Dual AV Nodal Physiology and AVNRT
In this section, we will cover the concept of dual AV nodal physiology, the phenomenon whereby a patient has two (or more) electrophysiologically distinct pathways in their AV node, and its related arrhythmias.
This section will go over:
The normal biology of the AV junction, which is normally meant to induce a conduction delay to allow left ventricular filling after atrial contraction and to prevent tachyarrhythmia. We will discuss the three distinct regions and cell types (AN, N, NH) and their individual properties, including how they are affected by medications and autonomic signalling.
The prevalence and structure of the dual pathways in this condition, such as the usual presence of both a fast and slow pathway, as well as a discussion about the common pathways proximal and distal to the dual pathways.
The various different manifestations of dual AV nodal physiology, including:
Atrioventricular nodal reciprocating tachycardia (AVNRT), which is a condition whereby the two pathways form the limbs of a reentrant circuit which can cause supraventricular tachycardia. This is the most well-known manifestation of dual AV nodal physiology. We will discuss the more prevalent "typical" (slow-fast) AVNRT, as well as the "atypical" variants (fast-slow and slow-slow).
Reciprocating beats, whereby impulses traverse down one pathway and return via the other pathway to re-excite the chamber that the impulse originated from.
Two families of PR intervals, where a patient will exhibit either a long or short PR interval depending on which pathway is being used for anterograde conduction. We will also discuss how the heart "switches" between the two pathways in the presence of premature beats, concealed conduction, or changes in autonomic tone. On a similar note, we will also discuss two families of RP intervals, where the RP interval of retrograde p waves switches between two values in the context of a ventricular rhythm.

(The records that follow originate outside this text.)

lemma l2_restrict_id: "x \<in> l2 I \<Longrightarrow> l2_restrict I x = x"
  by (auto simp: l2_restrict_def fun_eq_iff l2_zero_outside)

lemma bounded_linear_ell2_lift:
  fixes T :: "('i \<Rightarrow> complex) \<Rightarrow> ('i \<Rightarrow> complex)"
  assumes "l2_bounded I T" shows "bounded_linear (ell2_lift I T)"
proof -
  obtain C where T: "l2_linear I T" "0 \<le> C" "\<And>x. x \<in> l2 I \<Longrightarrow> l2_norm I (T x) \<le> C * l2_norm I x"
    using l2_boundedE[OF assms] by blast
  define R where "R v = l2_restrict I (Rep_ell2 v)" for v
  have R: "R v \<in> l2 I" for v unfolding R_def by (rule l2_restrict_l2) simp
  have TR: "T (R v) \<in> l2 I" for v by (rule l2_linear_l2[OF T(1) R])
  show ?thesis
  proof (rule bounded_linear_intro[where K=C])
    fix x y :: "'i ell2" and r :: real
    have "R (x + y) = (\<lambda>i. R x i + R y i)" by (auto simp: R_def l2_restrict_def)
    thus "ell2_lift I T (x + y) = ell2_lift I T x + ell2_lift I T y"
      unfolding ell2_lift_def R_def[symmetric] by (simp add: l2_linear_add[OF T(1) R R] Abs_ell2_add[OF TR TR])
    have "R (r *\<^sub>R x) = (\<lambda>i. complex_of_real r * R x i)" by (auto simp: R_def l2_restrict_def)
    hence "T (R (r *\<^sub>R x)) = (\<lambda>i. complex_of_real r * T (R x) i)" by (simp add: l2_linear_scale[OF T(1) R])
    thus "ell2_lift I T (r *\<^sub>R x) = r *\<^sub>R ell2_lift I T x"
      unfolding ell2_lift_def R_def[symmetric]
      using Rep_ell2_Abs_ell2_l2[OF TR] Rep_ell2_Abs_ell2_l2[OF l2_scale[OF TR]] by (intro ell2_eqI) simp
    have "norm (ell2_lift I T x) \<le> C * l2_norm I (R x)"
      unfolding ell2_lift_def R_def[symmetric] using norm_Abs_ell2[OF TR] T(3)[OF R] by simp
    also have "\<dots> \<le> C * norm x"
      using l2_restrict_norm[of "Rep_ell2 x" I] T(2) by (intro mult_left_mono) (auto simp: R_def norm_ell2_def)
    finally show "norm (ell2_lift I T x) \<le> norm x * C" by (simp add: mult.commute)
  qed
qed

(* The partial sums of a power series with l2-summable coefficients converge in norm, not only
   coordinatewise; this is what lets bounded operators pass through the series. *)
lemma h2_series_ell2_sums: assumes a: "l2_seq I a" and z: "z \<in> ball 0 1"
  shows "h2_series a z \<in> l2 I" "(\<lambda>n. Abs_ell2 (\<lambda>i. z^n * a n i)) sums Abs_ell2 (h2_series a z)"
proof -
  have c_l2: "(\<lambda>i. z^n * a n i) \<in> l2 I" for n by (rule l2_scale[OF l2_seqD(1)[OF a]])
  define B where "B = sqrt (\<Sum>n. (l2_norm I (a n))^2)"
  have "norm (Abs_ell2 (\<lambda>i. z^n * a n i)) = l2_norm I (a n) * norm z ^ n" for n
    using norm_Abs_ell2[OF c_l2[of n]] l2_norm_scale[of I "z^n" "a n"] by (simp add: norm_power)
  also have "l2_norm I (a n) * norm z ^ n \<le> B * norm z ^ n" for n
    unfolding B_def by (intro mult_right_mono l2_seq_norm_le[OF a]) simp
  finally have bound: "norm (Abs_ell2 (\<lambda>i. z^n * a n i)) \<le> B * norm z ^ n" for n .
  have "summable (\<lambda>n. B * norm z ^ n)" using z by (intro summable_mult summable_geometric) simp
  hence "summable (\<lambda>n. norm (Abs_ell2 (\<lambda>i. z^n * a n i)))"
    by (rule summable_comparison_test') (use bound in simp)
  hence "summable (\<lambda>n. Abs_ell2 (\<lambda>i. z^n * a n i))" by (rule summable_norm_cancel)
  then obtain \<sigma> where sig: "(\<lambda>n. Abs_ell2 (\<lambda>i. z^n * a n i)) sums \<sigma>"
    by (auto simp: summable_def)
  have "(\<lambda>n. a n i * z^n) sums Rep_ell2 \<sigma> i" for i
    using bounded_linear.sums[OF bounded_linear_Rep_ell2_apply sig, of i] Rep_ell2_Abs_ell2_l2[OF c_l2]
    by (simp add: mult.commute)
  hence rep: "Rep_ell2 \<sigma> = h2_series a z"
    by (intro ext sums_unique2[OF _ h2_series_sums[OF a z]])
  have "h2_series a z i = 0" if "i \<notin> I" for i
    using that z by (simp add: h2_series_def l2_zero_outside[OF l2_seqD(1)[OF a]])
  thus "h2_series a z \<in> l2 I"
    unfolding rep[symmetric] by (rule l2_UNIV_imp_l2[OF Rep_ell2_l2]) (simp add: rep)
  show "(\<lambda>n. Abs_ell2 (\<lambda>i. z^n * a n i)) sums Abs_ell2 (h2_series a z)"
    using sig by (simp add: rep[symmetric] Rep_ell2_inverse)
qed

lemma l2_bounded_h2_series_sums:
  assumes T: "l2_bounded I T" and a: "l2_seq I a" and z: "z \<in> ball 0 1"
  shows "(\<lambda>n. T (a n) i * z^n) sums (T (h2_series a z) i)"
proof -
  have lT: "l2_linear I T" using T by (simp add: l2_bounded_def)
  note F = h2_series_ell2_sums[OF a z]
  have "ell2_lift I T (Abs_ell2 (\<lambda>i. z^n * a n i)) = Abs_ell2 (\<lambda>i. z^n * T (a n) i)" for n
    using Rep_ell2_Abs_ell2_l2[OF l2_scale[OF l2_seqD(1)[OF a]]] l2_scale[OF l2_seqD(1)[OF a]]
    by (simp add: ell2_lift_def l2_restrict_id l2_linear_scale[OF lT l2_seqD(1)[OF a]])
  moreover have "ell2_lift I T (Abs_ell2 (h2_series a z)) = Abs_ell2 (T (h2_series a z))"
    using F(1) by (simp add: ell2_lift_def Rep_ell2_Abs_ell2_l2 l2_restrict_id)
  ultimately have "(\<lambda>n. Abs_ell2 (\<lambda>i. z^n * T (a n) i)) sums Abs_ell2 (T (h2_series a z))"
    using bounded_linear.sums[OF bounded_linear_ell2_lift[OF T] F(2)] by simp
  from bounded_linear.sums[OF bounded_linear_Rep_ell2_apply this, of i]
  show ?thesis
    using Rep_ell2_Abs_ell2_l2[OF l2_scale[OF l2_linear_l2[OF lT l2_seqD(1)[OF a]]]]
      Rep_ell2_Abs_ell2_l2[OF l2_linear_l2[OF lT F(1)]] by (simp add: mult.commute)
qed

definition seq_shift :: "(nat \<Rightarrow> 'i \<Rightarrow> complex) \<Rightarrow> nat \<Rightarrow> 'i \<Rightarrow> complex" where
  "seq_shift b n = (if n = 0 then (\<lambda>_. 0) else b (n - 1))"

lemma seq_shift_0 [simp]: "seq_shift b 0 = (\<lambda>_. 0)"
  and seq_shift_Suc [simp]: "seq_shift b (Suc n) = b n"
  by (simp_all add: seq_shift_def)

lemma l2_seq_seq_shift: assumes b: "l2_seq I b" shows "l2_seq I (seq_shift b)"
proof -
  have "summable (\<lambda>n. (l2_norm I (seq_shift b (Suc n)))^2)" using l2_seqD(2)[OF b] by simp
  hence "summable (\<lambda>n. (l2_norm I (seq_shift b n))^2)" by (rule summable_Suc_iff[THEN iffD1])
  moreover have "seq_shift b n \<in> l2 I" for n using l2_seqD(1)[OF b] by (cases n) auto
  ultimately show ?thesis by (simp add: l2_seq_def)
qed

lemma l2_seq_apply: assumes T: "l2_bounded I T" and a: "l2_seq I a" shows "l2_seq I (\<lambda>n. T (a n))"
proof -
  obtain C where T: "l2_linear I T" "0 \<le> C" "\<And>x. x \<in> l2 I \<Longrightarrow> l2_norm I (T x) \<le> C * l2_norm I x"
    using l2_boundedE[OF T] by blast
  have bound: "(l2_norm I (T (a n)))^2 \<le> C^2 * (l2_norm I (a n))^2" for n
    using power_mono[OF T(3)[OF l2_seqD(1)[OF a]] l2_norm_nonneg] by (simp add: power_mult_distrib)
  have "summable (\<lambda>n. C^2 * (l2_norm I (a n))^2)" by (intro summable_mult l2_seqD(2)[OF a])
  hence "summable (\<lambda>n. (l2_norm I (T (a n)))^2)"
    by (rule summable_comparison_test') (use bound in simp)
  thus ?thesis using l2_linear_l2[OF T(1) l2_seqD(1)[OF a]] by (simp add: l2_seq_def)
qed

definition h2_shift :: "(complex \<Rightarrow> 'i \<Rightarrow> complex) \<Rightarrow> complex \<Rightarrow> 'i \<Rightarrow> complex" where
  "h2_shift F = (\<lambda>z i. if z \<in> ball 0 1 then z * F z i else 0)"

lemma seq_shift_sums: assumes b: "l2_seq I b" and z: "z \<in> ball 0 1"
  shows "(\<lambda>n. seq_shift b n i * z^n) sums (z * h2_series b z i)"
proof -
  have "(\<lambda>n. z * (b n i * z^n)) sums (z * h2_series b z i)" by (intro sums_mult h2_series_sums[OF b z])
  hence "(\<lambda>n. seq_shift b (Suc n) i * z^(Suc n)) sums (z * h2_series b z i)" by (simp add: algebra_simps)
  thus ?thesis using sums_Suc_iff[of "\<lambda>n. seq_shift b n i * z^n"] by simp
qed

lemma h2_series_seq_shift: assumes b: "l2_seq I b"
  shows "h2_series (seq_shift b) = h2_shift (h2_series b)"
proof (intro ext)
  fix z i
  show "h2_series (seq_shift b) z i = h2_shift (h2_series b) z i"
  proof (cases "z \<in> ball 0 1")
    case True
    thus ?thesis using h2_series_sums[OF l2_seq_seq_shift[OF b] True, of i] seq_shift_sums[OF b True, of i]
      by (simp add: h2_shift_def sums_unique2)
  qed (simp add: h2_series_def h2_shift_def)
qed

(* Taylor coefficients of z \<mapsto> (A + z B) F(z) when F has coefficients a. *)
definition pencil_seq :: "(('i \<Rightarrow> complex) \<Rightarrow> ('i \<Rightarrow> complex)) \<Rightarrow> (('i \<Rightarrow> complex) \<Rightarrow> ('i \<Rightarrow> complex))
    \<Rightarrow> (nat \<Rightarrow> 'i \<Rightarrow> complex) \<Rightarrow> nat \<Rightarrow> 'i \<Rightarrow> complex" where
  "pencil_seq A B a n = (\<lambda>i. A (a n) i + seq_shift (\<lambda>m. B (a m)) n i)"

lemma l2_seq_pencil_seq: assumes "l2_bounded I A" "l2_bounded I B" "l2_seq I a"
  shows "l2_seq I (pencil_seq A B a)"
  unfolding pencil_seq_def
  by (rule l2_seq_add[OF l2_seq_apply[OF assms(1,3)] l2_seq_seq_shift[OF l2_seq_apply[OF assms(2,3)]]])

lemma mult_op_h2_series:
  assumes A: "l2_bounded I A" and B: "l2_bounded I B" and a: "l2_seq I a"
    and \<phi>: "\<And>z x. z \<in> ball 0 1 \<Longrightarrow> x \<in> l2 I \<Longrightarrow> \<phi> z x = (\<lambda>i. A x i + z * B x i)"
  shows "mult_op \<phi> (h2_series a) = h2_series (pencil_seq A B a)"
proof (intro ext)
  fix z i
  show "mult_op \<phi> (h2_series a) z i = h2_series (pencil_seq A B a) z i"
  proof (cases "z \<in> ball 0 1")
    case z: True
    have "mult_op \<phi> (h2_series a) z i = A (h2_series a z) i + z * B (h2_series a z) i"
      using z \<phi>[OF z h2_series_ell2_sums(1)[OF a z]] by (simp add: mult_op_def)
    moreover have "h2_series (\<lambda>m. B (a m)) z i = B (h2_series a z) i"
      using h2_series_sums[OF l2_seq_apply[OF B a] z] l2_bounded_h2_series_sums[OF B a z]
      by (rule sums_unique2)
    ultimately have "(\<lambda>n. pencil_seq A B a n i * z^n) sums mult_op \<phi> (h2_series a) z i"
      using sums_add[OF l2_bounded_h2_series_sums[OF A a z, of i] seq_shift_sums[OF l2_seq_apply[OF B a] z, of i]]
      by (simp add: pencil_seq_def distrib_right)
    thus ?thesis using h2_series_sums[OF l2_seq_pencil_seq[OF A B a] z] by (simp add: sums_unique2)
  qed (simp add: mult_op_def h2_series_def)
qed

definition seq_single :: "nat \<Rightarrow> ('i \<Rightarrow> complex) \<Rightarrow> nat \<Rightarrow> 'i \<Rightarrow> complex" where
  "seq_single n x = (\<lambda>m. if m = n then x else (\<lambda>_. 0))"

lemma seq_single_same [simp]: "seq_single n x n = x"
  and seq_single_other [simp]: "m \<noteq> n \<Longrightarrow> seq_single n x m = (\<lambda>_. 0)"
  by (simp_all add: seq_single_def)

lemma seq_single_zero [simp]: "seq_single n (\<lambda>_. 0) = (\<lambda>m i. 0)"
  by (simp add: seq_single_def fun_eq_iff)

lemma seq_single_add: "(\<lambda>m i. seq_single n x m i + seq_single n y m i) = seq_single n (\<lambda>i. x i + y i)"
  and seq_single_scale: "(\<lambda>m i. c * seq_single n x m i) = seq_single n (\<lambda>i. c * x i)"
  and seq_single_diff: "(\<lambda>m i. seq_single n x m i - seq_single n y m i) = seq_single n (\<lambda>i. x i - y i)"
  by (simp_all add: seq_single_def fun_eq_iff)

lemma seq_shift_seq_single: "seq_shift (seq_single n x) = seq_single (Suc n) x"
  by (auto simp: seq_shift_def seq_single_def fun_eq_iff)

lemma l2_seq_seq_single: assumes "x \<in> l2 I" shows "l2_seq I (seq_single n x)"
proof -
  have "(\<lambda>m. (l2_norm I (seq_single n x m))^2) = (\<lambda>m. if m = n then (l2_norm I x)^2 else 0)"
    by (auto simp: seq_single_def l2_norm_def)
  thus ?thesis using assms sums_single[where i=n and f="\<lambda>_. (l2_norm I x)^2"]
    by (auto simp: l2_seq_def seq_single_def sums_summable)
qed

lemma h2_inner_seq_single: assumes x: "x \<in> l2 I" and b: "l2_seq I b"
  shows "h2_inner I (h2_series (seq_single n x)) (h2_series b) = l2_inner I x (b n)"
proof -
  have "(\<lambda>m. l2_inner I (seq_single n x m) (b m)) = (\<lambda>m. if m = n then l2_inner I x (b n) else 0)"
    by (auto simp: seq_single_def)
  thus ?thesis using sums_single[where i=n and f="\<lambda>_. l2_inner I x (b n)"]
    by (simp add: h2_inner_h2_series[OF l2_seq_seq_single[OF x] b] sums_iff)
qed

lemma h2_norm_seq_single: assumes x: "x \<in> l2 I"
  shows "h2_norm I (h2_series (seq_single n x)) = l2_norm I x"
proof -
  have "(\<lambda>m. (l2_norm I (seq_single n x m))^2) = (\<lambda>m. if m = n then (l2_norm I x)^2 else 0)"
    by (auto simp: seq_single_def l2_norm_def)
  thus ?thesis using sums_single[where i=n and f="\<lambda>_. (l2_norm I x)^2"] l2_norm_nonneg[of I x]
    by (simp add: h2_norm_h2_series[OF l2_seq_seq_single[OF x]] sums_iff)
qed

Double fire tachycardia, wherein an atrial beat is conducted down both fast and slow pathways simultaneously, such that the ventricles are captured twice for each atrial beat.
Rapid atrial fibrillation, which, while not solely related to dual AV nodal physiology, can be more prevalent in this population. This is because the slow pathway tends to have a lower refractory period, and can hence conduct more atrial signals, causing tachycardia. In essence, this is the a compromise of the normal physiologic block of the AV node.